This solution, based on the same parameters of the speed of approach of the electrodes and the force of their mutual pressing when in contact, ensures the uniqueness and comparability of the experiments, and also increases the safety of research.

The technical effect realized by the claimed device (according to a variant of the device according to paragraph 3 of the claims) is determined by the following.

The device has a camera, at the bottom of which is a partitioned set of cells with the studied combustible material. Ignition (or non-ignition) of the material occurs in the cells when burning or molten particles enter.

Thus, the ignition frequency determines the probability of material ignition. The obtained results are the necessary initial data for calculating the probability of a fire at the facility.

Analysis of other technical solutions showed that the known methods and devices do not solve the previously mentioned problems, solved by the claimed method (options) and device (options).

Based on the foregoing, we can conclude that the claimed technical solution meets the criterion of "inventive step", and the invention itself is new.

In FIG. 1 shows a diagram of a device that implements the inventive method, FIG. 2 - electrical diagram of the device.

A device for assessing the fire hazard of metal particles formed during a short circuit includes a chamber 1 with a volume of 0.36 m ³ , a contactor 2 and a tray with cells for combustible material 3.

Chamber 1 is a steel structure 600 × 600 × 1000 mm in size, which is installed in the test room in a vertical position. In order to prevent scattering to the sides of the formed particles from three sides, the chamber has metal walls. In the upper part of the chamber, a contactor 2 is installed, and in the lower part there is a pallet 3 with cells 6 filled with combustible material.

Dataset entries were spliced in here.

(* Let $S\subset\{0,1\}^N$ with $|S|=K$ and let $1\le m\le K$ be an integer. Then $$\left\|(\ket{\psi_S}\bra{\psi_S})^{\otimes m}-\ket{\psi^{(m)}_{S,{\rm uni}}}\bra{\psi^{(m)}_{S,{\rm uni}}}\right\|_{\rm tr}\le O\!\left(\frac{m}{\sqrt K}\right),$$ i.e. the left side is at most $Cm/\sqrt K$ for a constant $C$ independent of $N,K,m,S$.
   Context: Work on $N$ qubits with computational basis $\{\ket{\mathbf z}:\mathbf z\in\{0,1\}^N\}$. The subset state is $\ket{\psi_S}=|S|^{-1/2}\sum_{\mathbf z\in S}\ket{\mathbf z}$. For a set $S'$ of $m$ distinct basis bitstrings, the unique-type state is $\ket{S'}=(m!)^{-1/2}\sum \ket{\mathbf z_1}\otimes\cdots\otimes\ket{\mathbf z_m}$, the sum running over all $m!$ orderings $(\mathbf z_1,\dots,\mathbf z_m)$ of the elements of $S'$. The pure unique-type state associated with $S$ is $\ket{\psi^{(m)}_{S,{\rm uni}}}=\binom{K}{m}^{-1/2}\sum_{S'\subset S,\,|S'|=m}\ket{S'}$. $\|A\|_{\rm tr}={\rm Tr}\sqrt{A^\dagger A}$. *)

theory Defs
  imports "HOL-Analysis.Analysis"
begin

(* Operators on the Hilbert space with orthonormal basis indexed by a finite set I are
   represented by their matrices  'i => 'i => complex  (entries outside I are irrelevant,
   required to be 0 where uniqueness matters); kets are functions 'i => complex. *)

definition mmul :: "'i set \<Rightarrow> ('i \<Rightarrow> 'i \<Rightarrow> complex) \<Rightarrow> ('i \<Rightarrow> 'i \<Rightarrow> complex) \<Rightarrow> ('i \<Rightarrow> 'i \<Rightarrow> complex)" where
  "mmul I A B = (\<lambda>i k. \<Sum>j\<in>I. A i j * B j k)"

definition madj :: "('i \<Rightarrow> 'i \<Rightarrow> complex) \<Rightarrow> ('i \<Rightarrow> 'i \<Rightarrow> complex)" where
  "madj A = (\<lambda>i j. cnj (A j i))"

definition mtrace :: "'i set \<Rightarrow> ('i \<Rightarrow> 'i \<Rightarrow> complex) \<Rightarrow> complex" where
  "mtrace I A = (\<Sum>i\<in>I. A i i)"

definition psd :: "'i set \<Rightarrow> ('i \<Rightarrow> 'i \<Rightarrow> complex) \<Rightarrow> bool" where
  "psd I B = (\<forall>v. (\<Sum>i\<in>I. \<Sum>j\<in>I. cnj (v i) * B i j * v j) \<in> \<real> \<and>
                   0 \<le> Re (\<Sum>i\<in>I. \<Sum>j\<in>I. cnj (v i) * B i j * v j))"

definition msqrt :: "'i set \<Rightarrow> ('i \<Rightarrow> 'i \<Rightarrow> complex) \<Rightarrow> ('i \<Rightarrow> 'i \<Rightarrow> complex)" where
  "msqrt I P = (THE B. psd I B \<and> (\<forall>i j. (i \<notin> I \<or> j \<notin> I) \<longrightarrow> B i j = 0) \<and>
                       (\<forall>i\<in>I. \<forall>j\<in>I. mmul I B B i j = P i j))"

definition trace_norm :: "'i set \<Rightarrow> ('i \<Rightarrow> 'i \<Rightarrow> complex) \<Rightarrow> real" where
  "trace_norm I A = Re (mtrace I (msqrt I (mmul I (madj A) A)))"

definition ketbra :: "('i \<Rightarrow> complex) \<Rightarrow> ('i \<Rightarrow> complex) \<Rightarrow> ('i \<Rightarrow> 'i \<Rightarrow> complex)" where
  "ketbra a b = (\<lambda>i j. a i * cnj (b j))"

definition bitstrings :: "nat \<Rightarrow> bool list set" where
  "bitstrings N = {z. length z = N}"

(* basis of the m-fold tensor product: m-tuples (lists) of N-bit strings *)
definition tuples :: "nat \<Rightarrow> nat \<Rightarrow> bool list list set" where
  "tuples N m = {zs. length zs = m \<and> (\<forall>z\<in>set zs. z \<in> bitstrings N)}"

definition tensor_pow :: "nat \<Rightarrow> (bool list \<Rightarrow> bool list \<Rightarrow> complex) \<Rightarrow> (bool list list \<Rightarrow> bool list list \<Rightarrow> complex)" where
  "tensor_pow m A = (\<lambda>zs ws. \<Prod>k<m. A (zs ! k) (ws ! k))"

definition basis_ket :: "bool list list \<Rightarrow> (bool list list \<Rightarrow> complex)" where
  "basis_ket os = (\<lambda>zs. if zs = os then 1 else 0)"

definition subset_state :: "bool list set \<Rightarrow> (bool list \<Rightarrow> complex)" where
  "subset_state S = (\<lambda>z. if z \<in> S then 1 / sqrt (real (card S)) else 0)"

definition unique_type_ket :: "bool list set \<Rightarrow> (bool list list \<Rightarrow> complex)" where
  "unique_type_ket S' = (\<lambda>zs. (1 / sqrt (fact (card S'))) *
      (\<Sum>os\<in>{os. distinct os \<and> set os = S'}. basis_ket os zs))"

definition uni_state :: "bool list set \<Rightarrow> nat \<Rightarrow> (bool list list \<Rightarrow> complex)" where
  "uni_state S m = (\<lambda>zs. (1 / sqrt (real (card S choose m))) *
      (\<Sum>S'\<in>{S'. S' \<subseteq> S \<and> card S' = m}. unique_type_ket S' zs))"

end

theory Submission
  imports Defs
begin

(* Both states are uniform superpositions of basis tuples. The m-th tensor power of
   |psi_S><psi_S| is |a><a| with a uniform on the K^m tuples over S, and the unique-type
   state b is uniform on the subset D of tuples with distinct entries, |D| = K (K-1) ... (K-m+1).
   Their overlap c = sqrt (|D| / K^m) is real, and for unit vectors with real overlap c the
   operator A = |a><a| - |b><b| satisfies A^dagger A = (1 - c^2) P with P the projection onto
   span {a, b}; its psd square root is sqrt (1 - c^2) P, so the trace norm is 2 sqrt (1 - c^2).
   Finally c^2 >= (1 - m/K)^m >= 1 - m^2/K by Bernoulli's inequality, giving the bound 2 m / sqrt K. *)

definition inprod :: "'i set \<Rightarrow> ('i \<Rightarrow> complex) \<Rightarrow> ('i \<Rightarrow> complex) \<Rightarrow> complex" where
  "inprod I x y = (\<Sum>i\<in>I. cnj (x i) * y i)"
(* Suppose $0\le\alpha_3\le\alpha_2\le\alpha_1\le\pi/4$, and define $\zeta_0=\cos\alpha_1\cos\alpha_2\cos\alpha_3-\mathrm{i}\sin\alpha_1\sin\alpha_2\sin\alpha_3$, $\zeta_1=\cos\alpha_1\sin\alpha_2\sin\alpha_3-\mathrm{i}\sin\alpha_1\cos\alpha_2\cos\alpha_3$, $\zeta_2=\sin\alpha_1\cos\alpha_2\sin\alpha_3-\mathrm{i}\cos\alpha_1\sin\alpha_2\cos\alpha_3$, $\zeta_3=\sin\alpha_1\sin\alpha_2\cos\alpha_3-\mathrm{i}\cos\alpha_1\cos\alpha_2\sin\alpha_3$. Then $|\zeta_0|>|\zeta_1|=|\zeta_2|=|\zeta_3|>0$ if and only if $0<\alpha_3=\alpha_2=\alpha_1<\pi/4$.
   Context: The numbers $|\zeta_k|$ are the four Schmidt coefficients of the two-qubit unitary $U(\alpha_1,\alpha_2,\alpha_3)=\exp[-\mathrm{i}\sum_{k=1}^3\alpha_k\sigma_k\otimes\sigma_k]=\sum_{k=0}^3\zeta_k\sigma_k\otimes\sigma_k$ ($\sigma_0=I$, $\sigma_k$ Pauli matrices). *)

theory Defs
  imports Complex_Main
begin

text \<open>The coefficients zeta_k (k = 0..3) of the two-qubit unitary
  U(a1,a2,a3) in the Pauli product basis.\<close>
definition zeta :: "nat \<Rightarrow> real \<Rightarrow> real \<Rightarrow> real \<Rightarrow> complex" where
  "zeta k a1 a2 a3 =
     (if k = 0 then Complex (cos a1 * cos a2 * cos a3) (- (sin a1 * sin a2 * sin a3))
      else if k = 1 then Complex (cos a1 * sin a2 * sin a3) (- (sin a1 * cos a2 * cos a3))
      else if k = 2 then Complex (sin a1 * cos a2 * sin a3) (- (cos a1 * sin a2 * cos a3))
      else Complex (sin a1 * sin a2 * cos a3) (- (cos a1 * cos a2 * sin a3)))"

end

theory Submission
  imports Defs
begin

text \<open>The gaps between consecutive squared moduli factor as
  \<open>|\<zeta>\<^sub>0|\<^sup>2 - |\<zeta>\<^sub>1|\<^sup>2 = cos 2\<alpha>\<^sub>1 cos (\<alpha>\<^sub>2 + \<alpha>\<^sub>3) cos (\<alpha>\<^sub>2 - \<alpha>\<^sub>3)\<close>,
  \<open>|\<zeta>\<^sub>1|\<^sup>2 - |\<zeta>\<^sub>2|\<^sup>2 = cos 2\<alpha>\<^sub>3 (sin\<^sup>2 \<alpha>\<^sub>1 - sin\<^sup>2 \<alpha>\<^sub>2)\<close> and
  \<open>|\<zeta>\<^sub>2|\<^sup>2 - |\<zeta>\<^sub>3|\<^sup>2 = cos 2\<alpha>\<^sub>1 (sin\<^sup>2 \<alpha>\<^sub>2 - sin\<^sup>2 \<alpha>\<^sub>3)\<close>.
  In the given range the first gap is positive exactly when \<open>\<alpha>\<^sub>1 < \<pi>/4\<close>; then
  \<open>cos 2\<alpha>\<^sub>1\<close> and \<open>cos 2\<alpha>\<^sub>3\<close> are positive, so the other two gaps vanish iff
  \<open>\<alpha>\<^sub>1 = \<alpha>\<^sub>2 = \<alpha>\<^sub>3 = \<alpha>\<close>, since \<open>sin\<close> is injective on \<open>[0, \<pi>/2]\<close>. Finally
  \<open>|\<zeta>\<^sub>3| = |sin 2\<alpha>|/2\<close> on the diagonal, which is positive iff \<open>\<alpha> > 0\<close>.\<close>

lemma norm_less_iff_power2_less: "norm x < norm y \<longleftrightarrow> (norm x)\<^sup>2 < (norm y)\<^sup>2"
  by (simp flip: not_le)

lemma sin_power2_eq_iff:
  fixes x y :: real
  assumes "0 \<le> x" "x \<le> pi / 2" "0 \<le> y" "y \<le> pi / 2"
  shows "(sin x)\<^sup>2 = (sin y)\<^sup>2 \<longleftrightarrow> x = y"
proof -
  have "0 \<le> sin x" "0 \<le> sin y"
    using assms by (simp_all add: sin_ge_zero)
  then have "(sin x)\<^sup>2 = (sin y)\<^sup>2 \<longleftrightarrow> sin x = sin y"
    by simp
  also have "\<dots> \<longleftrightarrow> x = y"
    using assms sin_inj_pi[of x y] by auto
  finally show ?thesis .
qed

lemma norm_zeta0_power2_diff:
  "(cmod (zeta 0 a1 a2 a3))\<^sup>2 - (cmod (zeta 1 a1 a2 a3))\<^sup>2
     = cos (2 * a1) * cos (a2 + a3) * cos (a2 - a3)"
  unfolding zeta_def cmod_power2 cos_double cos_add cos_diff
  by (simp add: algebra_simps power2_eq_square)

lemma norm_zeta1_power2_diff:
  "(cmod (zeta 1 a1 a2 a3))\<^sup>2 - (cmod (zeta 2 a1 a2 a3))\<^sup>2
     = cos (2 * a3) * ((sin a1)\<^sup>2 - (sin a2)\<^sup>2)"
  unfolding zeta_def cmod_power2 cos_double
  by (simp add: power_mult_distrib cos_squared_eq algebra_simps)

lemma norm_zeta2_power2_diff:
  "(cmod (zeta 2 a1 a2 a3))\<^sup>2 - (cmod (zeta 3 a1 a2 a3))\<^sup>2
     = cos (2 * a1) * ((sin a2)\<^sup>2 - (sin a3)\<^sup>2)"
  unfolding zeta_def cmod_power2 cos_double
  by (simp add: power_mult_distrib cos_squared_eq algebra_simps)

lemma norm_zeta3_diagonal: "cmod (zeta 3 a a a) = \<bar>sin (2 * a)\<bar> / 2"
proof -
  have "(cmod (zeta 3 a a a))\<^sup>2 = (sin a * cos a)\<^sup>2"
    unfolding zeta_def cmod_power2 by (simp add: power_mult_distrib cos_squared_eq algebra_simps)
  then have "(cmod (zeta 3 a a a))\<^sup>2 = (\<bar>sin (2 * a)\<bar> / 2)\<^sup>2"
    by (simp add: sin_double power_divide power_mult_distrib)
  then show ?thesis
    by simp
qed

lemma norm_zeta1_less_norm_zeta0_iff:
  assumes "0 \<le> a3" "a3 \<le> a2" "a2 \<le> a1" "a1 \<le> pi / 4"
  shows "cmod (zeta 1 a1 a2 a3) < cmod (zeta 0 a1 a2 a3) \<longleftrightarrow> a1 < pi / 4"
proof -
  have "cmod (zeta 1 a1 a2 a3) < cmod (zeta 0 a1 a2 a3)
          \<longleftrightarrow> 0 < cos (2 * a1) * cos (a2 + a3) * cos (a2 - a3)"
    unfolding norm_less_iff_power2_less norm_zeta0_power2_diff [symmetric] by linarith
  also have "\<dots> \<longleftrightarrow> a1 < pi / 4"
  proof
    assume "a1 < pi / 4"
    then have "0 < cos (2 * a1)" "0 < cos (a2 + a3)" "0 < cos (a2 - a3)"
      using assms by (intro cos_gt_zero_pi; linarith)+
    then show "0 < cos (2 * a1) * cos (a2 + a3) * cos (a2 - a3)"
      by simp
  next
    assume "0 < cos (2 * a1) * cos (a2 + a3) * cos (a2 - a3)"
    then have "cos (2 * a1) \<noteq> 0"
      by auto
    moreover have "cos (2 * (pi / 4)) = 0"
      by simp
    ultimately have "a1 \<noteq> pi / 4"
      by metis
    then show "a1 < pi / 4"
      using assms(4) by simp
  qed
  finally show ?thesis .
qed

lemma norm_zeta1_eq_norm_zeta2_iff:
  assumes "cos (2 * a3) \<noteq> 0" "0 \<le> a1" "a1 \<le> pi / 2" "0 \<le> a2" "a2 \<le> pi / 2"
  shows "cmod (zeta 1 a1 a2 a3) = cmod (zeta 2 a1 a2 a3) \<longleftrightarrow> a1 = a2"
proof -
  have "cmod (zeta 1 a1 a2 a3) = cmod (zeta 2 a1 a2 a3)
          \<longleftrightarrow> (cmod (zeta 1 a1 a2 a3))\<^sup>2 - (cmod (zeta 2 a1 a2 a3))\<^sup>2 = 0"
    by simp
  also have "\<dots> \<longleftrightarrow> (sin a1)\<^sup>2 = (sin a2)\<^sup>2"
    unfolding norm_zeta1_power2_diff using assms(1) by simp
  also have "\<dots> \<longleftrightarrow> a1 = a2"
    using assms(2-) by (rule sin_power2_eq_iff)
  finally show ?thesis .
qed

lemma norm_zeta2_eq_norm_zeta3_iff:
  assumes "cos (2 * a1) \<noteq> 0" "0 \<le> a2" "a2 \<le> pi / 2" "0 \<le> a3" "a3 \<le> pi / 2"
  shows "cmod (zeta 2 a1 a2 a3) = cmod (zeta 3 a1 a2 a3) \<longleftrightarrow> a2 = a3"
proof -
  have "cmod (zeta 2 a1 a2 a3) = cmod (zeta 3 a1 a2 a3)
          \<longleftrightarrow> (cmod (zeta 2 a1 a2 a3))\<^sup>2 - (cmod (zeta 3 a1 a2 a3))\<^sup>2 = 0"
    by simp
  also have "\<dots> \<longleftrightarrow> (sin a2)\<^sup>2 = (sin a3)\<^sup>2"
    unfolding norm_zeta2_power2_diff using assms(1) by simp
  also have "\<dots> \<longleftrightarrow> a2 = a3"
    using assms(2-) by (rule sin_power2_eq_iff)
  finally show ?thesis .
qed

theorem lemma9:
  fixes a1 a2 a3 :: real
  assumes "0 \<le> a3" and "a3 \<le> a2" and "a2 \<le> a1" and "a1 \<le> pi / 4"
  shows "(cmod (zeta 0 a1 a2 a3) > cmod (zeta 1 a1 a2 a3) \<and>
          cmod (zeta 1 a1 a2 a3) = cmod (zeta 2 a1 a2 a3) \<and>
          cmod (zeta 2 a1 a2 a3) = cmod (zeta 3 a1 a2 a3) \<and>
          cmod (zeta 3 a1 a2 a3) > 0)
     \<longleftrightarrow> (0 < a3 \<and> a3 = a2 \<and> a2 = a1 \<and> a1 < pi / 4)"
proof -
  have "cmod (zeta 1 a1 a2 a3) < cmod (zeta 0 a1 a2 a3) \<longleftrightarrow> a1 < pi / 4"
    using assms by (rule norm_zeta1_less_norm_zeta0_iff)
  moreover have "cmod (zeta 1 a1 a2 a3) = cmod (zeta 2 a1 a2 a3) \<longleftrightarrow> a1 = a2"
    and "cmod (zeta 2 a1 a2 a3) = cmod (zeta 3 a1 a2 a3) \<longleftrightarrow> a2 = a3"
    if "a1 < pi / 4"
  proof -
    have "0 < cos (2 * a1)" "0 < cos (2 * a3)"
      using assms that by (auto intro!: cos_gt_zero_pi)
    then show "cmod (zeta 1 a1 a2 a3) = cmod (zeta 2 a1 a2 a3) \<longleftrightarrow> a1 = a2"
      and "cmod (zeta 2 a1 a2 a3) = cmod (zeta 3 a1 a2 a3) \<longleftrightarrow> a2 = a3"
      using assms that
      by (intro norm_zeta1_eq_norm_zeta2_iff norm_zeta2_eq_norm_zeta3_iff; simp)+
  qed
  moreover have "0 < cmod (zeta 3 a1 a2 a3) \<longleftrightarrow> 0 < a3"
    if "a1 < pi / 4" "a3 = a2" "a2 = a1"
  proof -
    have "sin (2 * a3) = 0 \<longleftrightarrow> a3 = 0"
      using sin_zero_pi_iff[of "2 * a3"] assms that by auto
    then show ?thesis
      using assms that by (auto simp: norm_zeta3_diagonal)
  qed
  ultimately show ?thesis
    by blast
qed

end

The switch is made on the basis of a controlled asynchronous single-phase reversible motor 4, for example, RD-09 P2A, with a rotation speed of 30 rpm.

To convert rotational motion into translational gearbox 5 is used using a worm gear. The samples are fastened in insulated holders, one of which is stationary, and the movement of the other is controlled from the remote control, which provides the supply and removal of live conductors with a linear speed of 140 mm / min. The movement of the movable electrode 6 is carried out remotely and at the extreme points of the mechanism is limited by limit switches.

The circuit of the contactor 2 is assembled on a fiberglass plate with a thickness of 10 mm, with dimensions of 800 × 600 mm. A rectangular hole of 80 × 120 mm is cut in the center of the board, through which electrodes are fixed. The board with the contactor mounted on it is installed in the upper part of the camera.

The electrodes are made from test samples of wire strands. The length of each of the electrodes is 150 mm. The end of one of the electrodes at a length of 40 mm is bent at an angle of 90 degrees. The electrodes are inserted into insulated holders so that when they touch, they intersect in mutually perpendicular planes.

The pallet with cells for combustible material is a steel pan 600 × 600 mm, in which 16 cells 7 of 150 × 150 mm in size with a side height of 60 mm made of non-combustible material are closely mounted. Surgical cotton or other test material 8 is placed in the cells in a uniform thin layer.

In FIG. 2 is a diagram of external connections designed to power and protect the installation. Any power transformer 9 with a capacity of at least 320 kVA and a secondary voltage of 220/380 V (for example, ТМ / 6 / 0.4) can be used as a power source. The selectivity of protection is provided by two circuit breakers 10, for example, VA88-33 160A and BA49-29 63A. The ratio of the protection devices is selected in such a way that with each short circuit of the conductors the 63A device is triggered and the VA88-33 device (at 160A) remains in the on position.

Regulation of short-circuit current is carried out using additional resistance 11, connected in series to the network with moving 13 and fixed 14 electrodes located in the zone of short circuit formation, and is controlled by measuring unit 12.

As a combustible material, either a reference flammable material (for example, medical cotton wool according to GOST 5556-81), or a sample or its analogue studied during criminalistic tests can be used.

Thus, during the formation of hot or burning particles due to a short circuit of the conductors and the ingress of particles into cells with combustible material, ignition (or non-ignition) of surgical cotton wool occurs in individual cells.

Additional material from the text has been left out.